[WHAT THIS TASK INVOLVES]: The full set of lines below has to be written out again exactly.

[GIVEN RECORDS]:

lemma nonneg_if_double_zero_second_derivative_nonneg:
  fixes f f' f'' :: "real \<Rightarrow> real"
  assumes f: "\<And>x. x \<in> {a..b} \<Longrightarrow> (f has_real_derivative f' x) (at x within {a..b})"
    and f': "\<And>x. x \<in> {a..b} \<Longrightarrow> (f' has_real_derivative f'' x) (at x within {a..b})"
    and f''_nonneg: "\<And>x. x \<in> {a..b} \<Longrightarrow> f'' x \<ge> 0"
    and c: "c \<in> {a..b}" "f c = 0" "f' c = 0"
    and x: "x \<in> {a..b}"
  shows "f x \<ge> 0"
proof -
  have f'_mono: "f' y \<le> f' z" if "y \<in> {a..b}" "z \<in> {a..b}" "y \<le> z" for y z
    using DERIV_nonneg_imp_increasing_within[OF f' f''_nonneg] that by auto
  show ?thesis
  proof (cases "x \<le> c")
    case True
    have "- f x \<le> - f c"
    proof (rule DERIV_nonneg_imp_increasing_within[where a = x and b = c and f = "\<lambda>y. - f y" and f' = "\<lambda>y. - f' y"])
      show "((\<lambda>y. - f y) has_real_derivative - f' y) (at y within {x..c})" if "y \<in> {x..c}" for y
      proof -
        have "{x..c} \<subseteq> {a..b}" using x c by auto
        then show ?thesis using DERIV_minus[OF DERIV_subset[OF f[of y]]] that by auto
      qed
      show "- f' y \<ge> 0" if "y \<in> {x..c}" for y
        using f'_mono[of y c] that x c by auto
    qed (use True in auto)
    then show ?thesis using c by simp
  next
    case False
    have "f c \<le> f x"
    proof (rule DERIV_nonneg_imp_increasing_within[where a = c and b = x and f = f and f' = f'])
      show "(f has_real_derivative f' y) (at y within {c..x})" if "y \<in> {c..x}" for y
      proof -
        have "{c..x} \<subseteq> {a..b}" using x c by auto
        then show ?thesis using DERIV_subset[OF f[of y]] that by auto
      qed
      show "f' y \<ge> 0" if "y \<in> {c..x}" for y
        using f'_mono[of c y] that x c by auto
    qed (use False in auto)
    then show ?thesis using c by simp
  qed
qed

lemma half_square_le_if_second_derivative_ge:
  fixes f f' f'' :: "real \<Rightarrow> real"
  assumes f: "\<And>x. x \<in> {a..b} \<Longrightarrow> (f has_real_derivative f' x) (at x within {a..b})"
    and f': "\<And>x. x \<in> {a..b} \<Longrightarrow> (f' has_real_derivative f'' x) (at x within {a..b})"
    and f''_ge: "\<And>x. x \<in> {a..b} \<Longrightarrow> k \<le> f'' x"
    and c: "c \<in> {a..b}" "f c = 0" "f' c = 0"
    and x: "x \<in> {a..b}"
  shows "k * (c - x)\<^sup>2 / 2 \<le> f x"
proof -
  have "0 \<le> f x - k * (c - x)\<^sup>2 / 2"
  proof (rule nonneg_if_double_zero_second_derivative_nonneg
      [where a = a and b = b and c = c and f = "\<lambda>y. f y - k * (c - y)\<^sup>2 / 2" and f' = "\<lambda>y. f' y - k * (y - c)" and f'' = "\<lambda>y. f'' y - k"])
    show "((\<lambda>y. f y - k * (c - y)\<^sup>2 / 2) has_real_derivative f' y - k * (y - c)) (at y within {a..b})"
      if "y \<in> {a..b}" for y
      using f[OF that] by (auto intro!: derivative_eq_intros simp: power2_eq_square field_simps)
    show "((\<lambda>y. f' y - k * (y - c)) has_real_derivative f'' y - k) (at y within {a..b})"
      if "y \<in> {a..b}" for y
      using f'[OF that] by (auto intro!: derivative_eq_intros)
  qed (use f''_ge c x in auto)
  then show ?thesis by simp
qed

[WRITTEN REPLY]:
lemma nonneg_if_double_zero_second_derivative_nonneg:
  fixes f f' f'' :: "real \<Rightarrow> real"
  assumes f: "\<And>x. x \<in> {a..b} \<Longrightarrow> (f has_real_derivative f' x) (at x within {a..b})"
    and f': "\<And>x. x \<in> {a..b} \<Longrightarrow> (f' has_real_derivative f'' x) (at x within {a..b})"
    and f''_nonneg: "\<And>x. x \<in> {a..b} \<Longrightarrow> f'' x \<ge> 0"
    and c: "c \<in> {a..b}" "f c = 0" "f' c = 0"
    and x: "x \<in> {a..b}"
  shows "f x \<ge> 0"
proof -
  have f'_mono: "f' y \<le> f' z" if "y \<in> {a..b}" "z \<in> {a..b}" "y \<le> z" for y z
    using DERIV_nonneg_imp_increasing_within[OF f' f''_nonneg] that by auto
  show ?thesis
  proof (cases "x \<le> c")
    case True
    have "- f x \<le> - f c"
    proof (rule DERIV_nonneg_imp_increasing_within[where a = x and b = c and f = "\<lambda>y. - f y" and f' = "\<lambda>y. - f' y"])
      show "((\<lambda>y. - f y) has_real_derivative - f' y) (at y within {x..c})" if "y \<in> {x..c}" for y
      proof -
        have "{x..c} \<subseteq> {a..b}" using x c by auto
        then show ?thesis using DERIV_minus[OF DERIV_subset[OF f[of y]]] that by auto
      qed
      show "- f' y \<ge> 0" if "y \<in> {x..c}" for y
        using f'_mono[of y c] that x c by auto
    qed (use True in auto)
    then show ?thesis using c by simp
  next
    case False
    have "f c \<le> f x"
    proof (rule DERIV_nonneg_imp_increasing_within[where a = c and b = x and f = f and f' = f'])
      show "(f has_real_derivative f' y) (at y within {c..x})" if "y \<in> {c..x}" for y
      proof -
        have "{c..x} \<subseteq> {a..b}" using x c by auto
        then show ?thesis using DERIV_subset[OF f[of y]] that by auto
      qed
      show "f' y \<ge> 0" if "y \<in> {c..x}" for y
        using f'_mono[of c y] that x c by auto
    qed (use False in auto)
    then show ?thesis using c by simp
  qed
qed

lemma half_square_le_if_second_derivative_ge:
  fixes f f' f'' :: "real \<Rightarrow> real"
  assumes f: "\<And>x. x \<in> {a..b} \<Longrightarrow> (f has_real_derivative f' x) (at x within {a..b})"
    and f': "\<And>x. x \<in> {a..b} \<Longrightarrow> (f' has_real_derivative f'' x) (at x within {a..b})"
    and f''_ge: "\<And>x. x \<in> {a..b} \<Longrightarrow> k \<le> f'' x"
    and c: "c \<in> {a..b}" "f c = 0" "f' c = 0"
    and x: "x \<in> {a..b}"
  shows "k * (c - x)\<^sup>2 / 2 \<le> f x"
proof -
  have "0 \<le> f x - k * (c - x)\<^sup>2 / 2"
  proof (rule nonneg_if_double_zero_second_derivative_nonneg
      [where a = a and b = b and c = c and f = "\<lambda>y. f y - k * (c - y)\<^sup>2 / 2" and f' = "\<lambda>y. f' y - k * (y - c)" and f'' = "\<lambda>y. f'' y - k"])
    show "((\<lambda>y. f y - k * (c - y)\<^sup>2 / 2) has_real_derivative f' y - k * (y - c)) (at y within {a..b})"
      if "y \<in> {a..b}" for y
      using f[OF that] by (auto intro!: derivative_eq_intros simp: power2_eq_square field_simps)
    show "((\<lambda>y. f' y - k * (y - c)) has_real_derivative f'' y - k) (at y within {a..b})"
      if "y \<in> {a..b}" for y
      using f'[OF that] by (auto intro!: derivative_eq_intros)
  qed (use f''_ge c x in auto)
  then show ?thesis by simp
qed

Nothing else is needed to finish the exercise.